Sword,
That's fair enough enki. That said, I do not see you posting numerous times every day on threads like this., so there is a difference between someone in your position (which illustrates an absence of belief) and someone who makes positive claims against religious belief, but doesn't like it when the foundation for that claim comes under scrutiny.
I haven’t seen any examples of that here. Can you identify one please so we know that you’re not just trying a straw man argument?
This, in my opinion needs to be seen in context. I see it as being directed against those who are continually attacking religious belief.
I haven’t seen any examples of “attacking religious belief” here. I can think of plenty of example of falsifying the logic some religious people attempt for their beliefs, and I can think of plenty of examples of identifying disgusting behaviours done in the name of religion, but I can’t think of any examples of just “attacking religious belief”. Can you identify one please so we know that you’re not just trying a straw man argument?
I don't think Alan is expecting you to take his word for it.
Yes he is. When his attempts at logic collapse (as they always do) he resorts immediately to faith claims that he asserts to be true for the rest of us too (“god”, “soul” etc). That is Alan “expecting you to take his word for it”.
However, if you don't try something, how are you going to know whether it works or not?
What does “works” here mean please? If you mean by it something like, “make me feel good about myself” many beliefs in many gods have done that. If though you mean something like, “can be shown to be true” then to my knowledge even the most deliriously happy-clappy believer has no means to do that.
I do agree that the burden of proof lies with the one making the positive claim.
Well, that’s progress of a kind I guess. Let us know how you propose to go about it please re your various claims and assertions.
That said, positive claims can be made on both sides. An absence of belief position doesn't make positive claims about that with which it disagrees.
Depends what you mean by “positive claims”. My absence of belief in your (or in any other) god relies on “positive claims” as you put it that the arguments you attempt to validate your beliefs are false, but that’s because basic logic does the work for me.
Saying, "I don't see evidence for xxx" is not the same as saying, "There is no evidence for xxx"…
No it isn’t conceptually, but for practical purposes there’s not much between them. It’s just possible that someone has a cogent argument for “god” that’s so hidden that none of us have heard of it (and no theists who argue their case in the public domain have heard of it either for that matter) but it seems pretty unlikely I’d have thought.

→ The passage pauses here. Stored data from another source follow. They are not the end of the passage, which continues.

lemma kappa_cut_has_nbr_in_side:
  assumes "finite V" "kappa_cut V E Y" "y \<in> Y" "x \<in> V - Y"
  shows "\<exists>a \<in> side V E Y x. {a, y} \<in> E"
proof (rule ccontr)
  assume no_nbr: "\<not> (\<exists>a \<in> side V E Y x. {a, y} \<in> E)"
  have YV: "Y \<subseteq> V" and card_Y: "card Y = vertex_conn V E"
    using assms(2) by (auto simp: kappa_cut_def is_cut_def)
  have "nbr_closed E (V - (Y - {y})) (side V E Y x)"
    using nbr_closed_side[of E V Y x] no_nbr unfolding nbr_closed_def by blast
  then have "\<not> reach E (V - (Y - {y})) x y"
    using reach_nbr_closed self_in_side[OF assms(4)] side_subset assms(3) by fast
  then have "is_cut V E (Y - {y})"
    using YV assms(3,4) by (auto intro: is_cutI)
  then have "vertex_conn V E \<le> card Y - 1"
    using vertex_conn_le_card assms(3) by fastforce
  moreover have "card Y > 0"
    using assms(1,3) YV by (auto simp: card_gt_0_iff intro: finite_subset)
  ultimately show False using card_Y by linarith
qed

text \<open>If A is a union of sides of the cut Y and B one of the cut U, then \<open>corner Y A U B\<close>
  is the part of \<open>Y \<union> U\<close> bordering \<open>A \<inter> B\<close>.\<close>

definition corner :: "'a set \<Rightarrow> 'a set \<Rightarrow> 'a set \<Rightarrow> 'a set \<Rightarrow> 'a set" where
  "corner Y A U B = A \<inter> U \<union> Y \<inter> U \<union> Y \<inter> B"

lemma nbr_closed_corner_Int:
  assumes "nbr_closed E (V - Y) A" "nbr_closed E (V - U) B"
  shows "nbr_closed E (V - corner Y A U B) (A \<inter> B)"
  using assms unfolding nbr_closed_def corner_def by blast

lemma corner_is_cut:
  assumes "Y \<subseteq> V" "U \<subseteq> V" "A \<subseteq> V - Y" "B \<subseteq> V - U"
    and "nbr_closed E (V - Y) A" "nbr_closed E (V - U) B"
    and "p \<in> A \<inter> B" "q \<in> V - corner Y A U B" "q \<notin> A \<inter> B"
  shows "is_cut V E (corner Y A U B)"
proof -
  have "\<not> reach E (V - corner Y A U B) p q"
    using reach_nbr_closed[OF _ nbr_closed_corner_Int[OF assms(5,6)] assms(7)] assms(9) by blast
  moreover have "p \<in> V - corner Y A U B"
    using assms(3,4,7) unfolding corner_def by blast
  moreover have "corner Y A U B \<subseteq> V"
    using assms(1-4) unfolding corner_def by blast
  ultimately show ?thesis
    using assms(8) by (intro is_cutI)
qed

lemma side_corner_subset:
  assumes "x \<in> V - (Y \<union> U)"
  shows "side V E (corner Y (side V E Y x) U (side V E U x)) x \<subseteq> side V E Y x \<inter> side V E U x"
proof
  fix y
  assume "y \<in> side V E (corner Y (side V E Y x) U (side V E U x)) x"
  then have "reach E (V - corner Y (side V E Y x) U (side V E U x)) x y"
    by (simp add: side_def)
  moreover have "x \<in> side V E Y x \<inter> side V E U x"
    using self_in_side assms by fast
  ultimately show "y \<in> side V E Y x \<inter> side V E U x"
    using reach_nbr_closed nbr_closed_corner_Int[OF nbr_closed_side nbr_closed_side] by fast
qed

lemma card_corner_add_opposite:
  assumes "finite V" "Y \<subseteq> V" "U \<subseteq> V" "A \<subseteq> V - Y" "B \<subseteq> V - U"
  shows "card (corner Y A U B) + card (corner Y (V - Y - A) U (V - U - B)) = card Y + card U"
proof -
  let ?C = "corner Y A U B" and ?D = "corner Y (V - Y - A) U (V - U - B)"
  have "?C \<union> ?D = Y \<union> U" "?C \<inter> ?D = Y \<inter> U"
    using assms(2-5) unfolding corner_def by blast+
  moreover have "finite Y" "finite U" "finite ?C" "finite ?D"
    using assms unfolding corner_def by (auto intro: finite_subset)
  ultimately show ?thesis
    by (metis card_Un_Int)
qed

lemma card_eq_if_opposite_empty:
  assumes "finite V" "Y \<subseteq> V" "U \<subseteq> V" "A \<subseteq> V - Y" "B \<subseteq> V - U"
    and "(V - Y - A) \<inter> (V - U - B) = {}"
  shows "card V = card (A \<union> B) + card (corner Y (V - Y - A) U (V - U - B))"
proof -
  let ?D = "corner Y (V - Y - A) U (V - U - B)"
  have "V = (A \<union> B) \<union> ?D" "(A \<union> B) \<inter> ?D = {}"
    using assms(2-6) unfolding corner_def by blast+
  moreover have "finite (A \<union> B)" "finite ?D"
    using assms(1-5) unfolding corner_def by (auto intro: finite_subset)
  ultimately show ?thesis
    by (metis card_Un_disjoint)
qed

context
  fixes V :: "'a set" and E :: "'a set set" and t :: nat
  assumes finite_V: "finite V"
    and t_half: "2 * t \<le> card V - vertex_conn V E + 1"
    and t_less: "t < card V - vertex_conn V E"
begin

…or "arguments for xxx are fallacious"
Ah, now you’ve fallen off the cliff again. “Arguments for X are fallacious” isn’t just a claim or an assertion. Logic stands on its own, and various constructions in logic are false. All that’s necessary therefore to justify “arguments for X are fallacious” is that those arguments align with logical fallacies. So far at least those for gods all do (
post hoc ergo propter hoc, argumetum ad consequentiam, argument from personal incredulity etc) but that’s not to say that one day someone somewhere won’t find one that isn’t demonstrably false.